A prisão do golpista assumido Daniel Silveira (PSL-RJ), símbolo e expressão do bolsonarismo, não foi suficiente para reduzir o impacto das revelações também golpistas, que beiram à traição nacional, do ex-general Villas Bôas, e da entrevista histórica do hacker Walter Delgatti à TV 247 revelando as vísceras apodrecidas da Lava Jato. Mas 2 fatos, tratados pela mídia sem a relevância política e estratégia que merecem precisam ser destacados: a chamada independência do BC e a deposição do presidente da Petrobras.
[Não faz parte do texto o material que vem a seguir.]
lemma doubly_stochastic_sum_le_permutation:
  fixes a b :: "nat \<Rightarrow> real"
  assumes P: "doubly_stochastic n P"
  shows "\<exists>\<sigma>. \<sigma> permutes {..<n} \<and> (\<Sum>i<n. \<Sum>j<n. a i * b j * P i j) \<le> (\<Sum>i<n. a i * b (\<sigma> i))"
proof -
  obtain \<alpha> where \<alpha>: "\<alpha> permutes {..<n}" and a_dec: "\<And>i j. i \<le> j \<Longrightarrow> j < n \<Longrightarrow> a (\<alpha> j) \<le> a (\<alpha> i)"
    using exists_sorting_permutation[of n a] by blast
  obtain \<beta> where \<beta>: "\<beta> permutes {..<n}" and b_dec: "\<And>i j. i \<le> j \<Longrightarrow> j < n \<Longrightarrow> b (\<beta> j) \<le> b (\<beta> i)"
    using exists_sorting_permutation[of n b] by blast
  have \<alpha>_lt: "\<And>i. i < n \<Longrightarrow> \<alpha> i < n" and \<beta>_lt: "\<And>i. i < n \<Longrightarrow> \<beta> i < n"
    using permutes_in_image[OF \<alpha>] permutes_in_image[OF \<beta>] by auto
  have sum_\<alpha>: "(\<Sum>i<n. g (\<alpha> i)) = (\<Sum>i<n. g i)" and sum_\<beta>: "(\<Sum>i<n. g (\<beta> i)) = (\<Sum>i<n. g i)"
    for g :: "nat \<Rightarrow> real"
    using sum.permute[OF \<alpha>, of g] sum.permute[OF \<beta>, of g] by (simp_all add: comp_def)
  define P' where "P' i j = P (\<alpha> i) (\<beta> j)" for i j
  have "(\<Sum>i<n. P (\<alpha> i) c) = (\<Sum>i<n. P i c)" "(\<Sum>j<n. P c (\<beta> j)) = (\<Sum>j<n. P c j)" for c
    using sum_\<alpha>[of "\<lambda>i. P i c"] sum_\<beta>[of "P c"] by simp_all
  then have "doubly_stochastic n P'"
    using P \<alpha>_lt \<beta>_lt unfolding doubly_stochastic_def P'_def by simp
  then have "(\<Sum>i<n. \<Sum>j<n. a (\<alpha> i) * b (\<beta> j) * P' i j) \<le> (\<Sum>i<n. a (\<alpha> i) * b (\<beta> i))"
    using a_dec b_dec by (rule doubly_stochastic_sum_le_sorted)
  moreover have "(\<Sum>i<n. \<Sum>j<n. a (\<alpha> i) * b (\<beta> j) * P' i j) = (\<Sum>i<n. \<Sum>j<n. a i * b j * P i j)"
  proof -
    have "(\<Sum>j<n. a (\<alpha> i) * b (\<beta> j) * P' i j) = (\<Sum>j<n. a (\<alpha> i) * b j * P (\<alpha> i) j)" for i
      using sum_\<beta>[of "\<lambda>j. a (\<alpha> i) * b j * P (\<alpha> i) j"] unfolding P'_def by simp
    then show ?thesis
      using sum_\<alpha>[of "\<lambda>i. \<Sum>j<n. a i * b j * P i j"] by simp
  qed
  moreover have "(\<Sum>i<n. a (\<alpha> i) * b (\<beta> i)) = (\<Sum>i<n. a i * b ((\<beta> \<circ> inv_into UNIV \<alpha>) i))"
    using sum.permutes_inv[OF \<alpha>, of "\<lambda>x s. a x * b (\<beta> s)"] by simp
  moreover have "\<beta> \<circ> inv_into UNIV \<alpha> permutes {..<n}"
    using permutes_compose[OF permutes_inv[OF \<alpha>] \<beta>] .
  ultimately show ?thesis
    by (intro exI[of _ "\<beta> \<circ> inv_into UNIV \<alpha>"]) simp
qed

text \<open>Penalty argument: weighting the rows \<open>c\<close> by a large negative factor forces the
  maximising permutation to respect the vanishing of \<open>\<Sum> c\<^sub>i b\<^sub>j P\<^sub>i\<^sub>j\<close>.\<close>

lemma doubly_stochastic_sum_le_permutation_vanishing:
  fixes a b c :: "nat \<Rightarrow> real"
  assumes P: "doubly_stochastic n P" and b: "\<And>j. j < n \<Longrightarrow> 0 \<le> b j" and c: "\<And>i. i < n \<Longrightarrow> 0 \<le> c i"
    and vanish: "(\<Sum>i<n. \<Sum>j<n. c i * b j * P i j) = 0"
  shows "\<exists>\<sigma>. \<sigma> permutes {..<n} \<and> (\<Sum>i<n. \<Sum>j<n. a i * b j * P i j) \<le> (\<Sum>i<n. a i * b (\<sigma> i))
     \<and> (\<Sum>i<n. c i * b (\<sigma> i)) = 0"
proof -
  define L where "L = (\<Sum>i<n. \<Sum>j<n. a i * b j * P i j)"
  define s where "s \<sigma> = (\<Sum>i<n. a i * b (\<sigma> i))" for \<sigma>
  define t where "t \<sigma> = (\<Sum>i<n. c i * b (\<sigma> i))" for \<sigma>
  define T where "T = {\<sigma>. \<sigma> permutes {..<n} \<and> 0 < t \<sigma>}"
  have "finite T"
    unfolding T_def by (rule finite_subset[OF _ finite_permutations[of "{..<n}"]]) auto
  define M where "M = - (\<Sum>\<sigma>\<in>T. \<bar>L - s \<sigma>\<bar> / t \<sigma>) - 1"
  have penalty: "s \<sigma> + M * t \<sigma> < L" if "\<sigma> \<in> T" for \<sigma>
  proof -
    have t_pos: "0 < t \<sigma>" using that unfolding T_def by simp
    have "\<bar>L - s \<sigma>\<bar> / t \<sigma> \<le> (\<Sum>\<sigma>\<in>T. \<bar>L - s \<sigma>\<bar> / t \<sigma>)"
      by (rule member_le_sum) (use that \<open>finite T\<close> in \<open>auto simp: T_def\<close>)
    then have "M * t \<sigma> \<le> (- (\<bar>L - s \<sigma>\<bar> / t \<sigma>) - 1) * t \<sigma>"
      using t_pos unfolding M_def by (intro mult_right_mono) auto
    also have "\<dots> = - \<bar>L - s \<sigma>\<bar> - t \<sigma>"
      using t_pos by (simp add: field_simps)
    finally show ?thesis
      using t_pos by linarith
  qed
  obtain \<sigma> where \<sigma>: "\<sigma> permutes {..<n}"
    and le: "(\<Sum>i<n. \<Sum>j<n. (a i + M * c i) * b j * P i j) \<le> (\<Sum>i<n. (a i + M * c i) * b (\<sigma> i))"
    using doubly_stochastic_sum_le_permutation[OF P, of "\<lambda>i. a i + M * c i" b] by blast
  have "(\<Sum>i<n. \<Sum>j<n. (a i + M * c i) * b j * P i j) = L + M * (\<Sum>i<n. \<Sum>j<n. c i * b j * P i j)"
    by (simp add: L_def algebra_simps sum.distrib sum_distrib_left)
  moreover have "(\<Sum>i<n. (a i + M * c i) * b (\<sigma> i)) = s \<sigma> + M * t \<sigma>"
    by (simp add: s_def t_def algebra_simps sum.distrib sum_distrib_left)
  ultimately have main: "L \<le> s \<sigma> + M * t \<sigma>"
    using le vanish by simp
  have "0 \<le> t \<sigma>"
    using b c permutes_in_image[OF \<sigma>] unfolding t_def by (auto intro!: sum_nonneg)
  moreover have "\<not> 0 < t \<sigma>"
    using penalty[of \<sigma>] main \<sigma> unfolding T_def by auto
  ultimately have "t \<sigma> = 0" by simp
  with main \<sigma> show ?thesis
    unfolding L_def s_def t_def by auto
qed

lemma doubly_stochastic_overlap:
  assumes "unitary n U" "unitary n V"
  shows "doubly_stochastic n (overlap U V)"
  using unitary_sum_row_sq[OF unitary_mult[OF unitary_adjoint[OF assms(1)] assms(2)]]
    unitary_sum_col_sq[OF unitary_mult[OF unitary_adjoint[OF assms(1)] assms(2)]]
  unfolding doubly_stochastic_def overlap_def by auto

section \<open>Extended subgradients\<close>

definition finite_part :: "ereal vec \<Rightarrow> nat \<Rightarrow> real" where
  "finite_part d i = real_of_ereal (d $ i)"

definition neg_inf_part :: "ereal vec \<Rightarrow> nat \<Rightarrow> real" where
  "neg_inf_part d i = of_bool (d $ i = -\<infinity>)"

text \<open>Since \<open>real_of_ereal (-\<infinity>) = 0\<close>, \<open>d = finite_part d - \<infinity> \<cdot> neg_inf_part d\<close> with disjoint supports.\<close>

lemma ext_UDU_eq_spectral_mat:
  "ext_UDU n U d = (spectral_mat n U (finite_part d), spectral_mat n U (neg_inf_part d))"
proof -
  have "mat n n (\<lambda>(i, j). if i = j \<and> d $ i \<noteq> -\<infinity> then complex_of_real (real_of_ereal (d $ i)) else 0)
      = real_diag n (finite_part d)"
    by (rule eq_matI) (auto simp: finite_part_def)
  moreover have "mat n n (\<lambda>(i, j). if i = j \<and> d $ i = -\<infinity> then 1 else 0) = real_diag n (neg_inf_part d)"
    by (rule eq_matI) (auto simp: neg_inf_part_def)
  ultimately show ?thesis
    unfolding ext_UDU_def spectral_mat_def by simp
qed

lemma vpair_minus:
  assumes "x \<in> carrier_vec n" "y \<in> carrier_vec n"
  shows "vpair n d (x - y) = ereal (\<Sum>i<n. finite_part d i * (x $ i - y $ i))
      + (-\<infinity>) * ereal (\<Sum>i<n. neg_inf_part d i * (x $ i - y $ i))"
proof -
  have "(\<Sum>i | i < n \<and> d $ i \<noteq> -\<infinity>. real_of_ereal (d $ i) * (x - y) $ i)
      = (\<Sum>i<n. finite_part d i * (x $ i - y $ i))"
    using assms by (intro sum.mono_neutral_cong_left) (auto simp: finite_part_def)
  moreover have "(\<Sum>i | i < n \<and> d $ i = -\<infinity>. (x - y) $ i) = (\<Sum>i<n. neg_inf_part d i * (x $ i - y $ i))"
    using assms by (intro sum.mono_neutral_cong_left) (auto simp: neg_inf_part_def)
  ultimately show ?thesis
    unfolding vpair_def by simp
qed

lemma mpair_ext_UDU_minus_UDU:
  assumes U: "unitary n U" and V: "V \<in> carrier_mat n n"
  shows "mpair (ext_UDU n U d) (UDU n V \<mu> - UDU n U lam)
    = ereal ((\<Sum>i<n. \<Sum>j<n. finite_part d i * \<mu> $ j * overlap U V i j) - (\<Sum>i<n. finite_part d i * lam $ i))
      + (-\<infinity>) * ereal ((\<Sum>i<n. \<Sum>j<n. neg_inf_part d i * \<mu> $ j * overlap U V i j) - (\<Sum>i<n. neg_inf_part d i * lam $ i))"
  unfolding mpair_def ext_UDU_eq_spectral_mat UDU_eq_spectral_mat
  using Re_mtrace_spectral_mat_diff[OF U V] by simp
lemma Iplus_attained:
  obtains y where "y \<in> Xh" "w z = v y + Funk C z y"
proof -
  have "w z \<in> (\<lambda>y. v y + Funk C z y) ` Xh"
    unfolding Iplus_def using Xh_finite Xh_nonempty by (intro Min_in) auto
  then show ?thesis using that by blast
qed

lemma Iplus_le_plus_Funk:
  assumes "p \<in> interior C" "q \<in> interior C"
  shows "w p \<le> w q + Funk C p q"
proof -
  obtain y where y: "y \<in> Xh" "w q = v y + Funk C q y" using Iplus_attained .
  have "w p \<le> v y + Funk C p y" using Iplus_le[OF y(1)] .
  also have "\<dots> \<le> v y + Funk C p q + Funk C q y"
    using Funk_triangle[OF assms, of y] y Xh_interior by auto
  finally show ?thesis using y by simp
qed

lemma Iplus_scaleR:
  assumes z: "z \<in> interior C" and c: "0 < c"
  shows "w (c *\<^sub>R z) = ln c + w z"
proof -
  have "w (c *\<^sub>R z) = Min ((\<lambda>y. (v y + Funk C z y) + ln c) ` Xh)"
    unfolding Iplus_def using Funk_scaleR_left[OF z _ c] Xh_interior
    by (intro arg_cong[where f = Min] image_cong) auto
  also have "\<dots> = w z + ln c"
    unfolding Iplus_def using Xh_finite Xh_nonempty by (rule Min_add_commute)
  finally show ?thesis by simp
qed

lemma Funk_le_Iplus_plus_const:
  assumes x0: "x0 \<in> interior C"
  obtains E where "\<And>z. z \<in> interior C \<Longrightarrow> Funk C z x0 \<le> w z + E"
proof
  fix z assume z: "z \<in> interior C"
  obtain y where y: "y \<in> Xh" "w z = v y + Funk C z y" using Iplus_attained .
  have "Funk C z x0 \<le> Funk C z y + Funk C y x0"
    using Funk_triangle[OF z _ x0] y Xh_interior by auto
  moreover have "Funk C y x0 - v y \<le> (MAX y\<in>Xh. Funk C y x0 - v y)"
    using y Xh_finite by (intro Max_ge) auto
  ultimately show "Funk C z x0 \<le> w z + (MAX y\<in>Xh. Funk C y x0 - v y)" using y by linarith
qed

lemma bdd_above_Iplus_image:
  assumes "bounded S" "S \<subseteq> interior C"
  shows "bdd_above (w ` S)"
proof -
  obtain y where y: "y \<in> Xh" using Xh_nonempty by blast
  obtain U where "\<And>z. z \<in> S \<Longrightarrow> Funk C z y \<le> U"
    using bdd_above_Funk_image[OF assms, of y] y Xh_interior by (auto simp: bdd_above_def)
  then have "\<And>z. z \<in> S \<Longrightarrow> w z \<le> v y + U" using Iplus_le[OF y] by (smt (verit))
  then show ?thesis by (rule bdd_aboveI2)
qed

lemma bdd_below_Iplus_image:
  assumes "compact S" "S \<subseteq> interior C"
  shows "bdd_below (w ` S)"
proof -
  have "bdd_below ((\<lambda>z. v y + Funk C z y) ` S)" if y: "y \<in> Xh" for y
  proof -
    obtain L where "\<And>z. z \<in> S \<Longrightarrow> L \<le> Funk C z y"
      using bdd_below_Funk_image[OF assms, of y] y Xh_interior by (auto simp: bdd_below_def)
    then show ?thesis by (intro bdd_belowI2[where m = "v y + L"]) auto
  qed
  then have "bdd_below (\<Union>y\<in>Xh. (\<lambda>z. v y + Funk C z y) ` S)" using Xh_finite by simp
  moreover have "w z \<in> (\<Union>y\<in>Xh. (\<lambda>z. v y + Funk C z y) ` S)" if "z \<in> S" for z
  proof -
    obtain y where "y \<in> Xh" "w z = v y + Funk C z y" using Iplus_attained .
    then show ?thesis using that by blast
  qed
  then have "w ` S \<subseteq> (\<Union>y\<in>Xh. (\<lambda>z. v y + Funk C z y) ` S)" by blast
  ultimately show ?thesis by (rule bdd_below_mono)
qed

end

section \<open>The escape rate game\<close>

lemma le_of_increments_le:
  fixes f :: "nat \<Rightarrow> real"
  assumes "\<And>k. f (Suc k) \<le> f k + c"
  shows "f k \<le> f 0 + real k * c"
proof (induction k)
  case (Suc k)
  then have "f (Suc k) \<le> f 0 + real k * c + c" using assms[of k] by linarith
  then show ?case by (simp add: algebra_simps)
qed simp

lemma ge_of_increments_ge:
  fixes f :: "nat \<Rightarrow> real"
  assumes "\<And>k. f k + c \<le> f (Suc k)"
  shows "f 0 + real k * c \<le> f k"
proof (induction k)
  case (Suc k)
  then have "f 0 + real k * c + c \<le> f (Suc k)" using assms[of k] by linarith
  then show ?case by (simp add: algebra_simps)
qed simp

lemma limsup_ratio_le:
  fixes f :: "nat \<Rightarrow> real"
  assumes "\<And>k. f k \<le> real k * c + d"
  shows "limsup (\<lambda>k. ereal (f k / real k)) \<le> ereal c"
proof -
  have "eventually (\<lambda>k. ereal (f k / real k) \<le> ereal (c + d / real k)) sequentially"
    using eventually_ge_at_top[of "1::nat"]
  proof eventually_elim
    case (elim k)
    then have "f k / real k \<le> (real k * c + d) / real k" using assms by (intro divide_right_mono) auto
    also have "\<dots> = c + d / real k" using elim by (simp add: field_simps)
    finally show ?case by simp
  qed
  moreover have "((\<lambda>k. ereal (c + d / real k)) \<longlongrightarrow> ereal c) sequentially"
    using tendsto_add[OF tendsto_const lim_const_over_n, of c d] by simp
  ultimately show ?thesis
    using Limsup_mono lim_imp_Limsup[OF trivial_limit_sequentially] by metis
qed

lemma limsup_ratio_ge:
  fixes f :: "nat \<Rightarrow> real"
  assumes "\<And>k. real k * c - d \<le> f k"
  shows "ereal c \<le> limsup (\<lambda>k. ereal (f k / real k))"
proof -
  have "eventually (\<lambda>k. ereal (c - d / real k) \<le> ereal (f k / real k)) sequentially"
    using eventually_ge_at_top[of "1::nat"]
  proof eventually_elim
    case (elim k)
    have "c - d / real k = (real k * c - d) / real k" using elim by (simp add: field_simps)
    also have "\<dots> \<le> f k / real k" using assms elim by (intro divide_right_mono) auto
    finally show ?case by simp
  qed
  moreover have "((\<lambda>k. ereal (c - d / real k)) \<longlongrightarrow> ereal c) sequentially"
    using tendsto_diff[OF tendsto_const lim_const_over_n, of c d] by simp
  ultimately show ?thesis
    using Limsup_mono lim_imp_Limsup[OF trivial_limit_sequentially] by metis
qed

lemma game_state_Suc:
  "game_state T x (game_hist \<sigma> \<tau> (Suc k)) =
     T (\<sigma> (game_hist \<sigma> \<tau> k)) (\<tau> (game_hist \<sigma> \<tau> k) (\<sigma> (game_hist \<sigma> \<tau> k)))
       (game_state T x (game_hist \<sigma> \<tau> k))"
  by (simp add: game_state_def)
Há uma ligação intrínseca entre a independência do BC e a Petrobras, que é a entrega de ambas instituições vitais para o desenvolvimento do país ao capital financeiro, aos que detêm patrimônio financeiro, aos fundos e bancos de investimentos, ao rentismo e, o mais grave, ao capital externo. O que praticamente nos coloca à mercê da dependência externa com todas suas consequências: desnacionalização, desindustrialização e total exposição ao mercado financeiro internacional, como comprova a opção pela política de preços paritários de importação e pelo desmonte da Petrobras como empresa-mãe de energia, muito mais do que só uma exploradora de óleo e gás.
Independência para quem?
A propalada independência do BC, na verdade, é sua entrega ao capital financeiro internacional. A decisão de liberar depósitos em dólares no país é apenas consequência natural. Na prática, a independência do BC retira do Poder Executivo a política fiscal, de investimentos, o controle da política cambial (as atribuições do CMN foram transferidas para o BC), das reservas e dos movimentos de capitais, da política tributária e mesmo do crédito público e geral. Concretamente, o governo perde sua capacidade e soberania sobre a política econômica. A tudo isso se soma a decisão de constitucionalizar o teto de gastos e a regra de ouro que, também, retirou do Congresso sua soberania sobre o Orçamento nacional.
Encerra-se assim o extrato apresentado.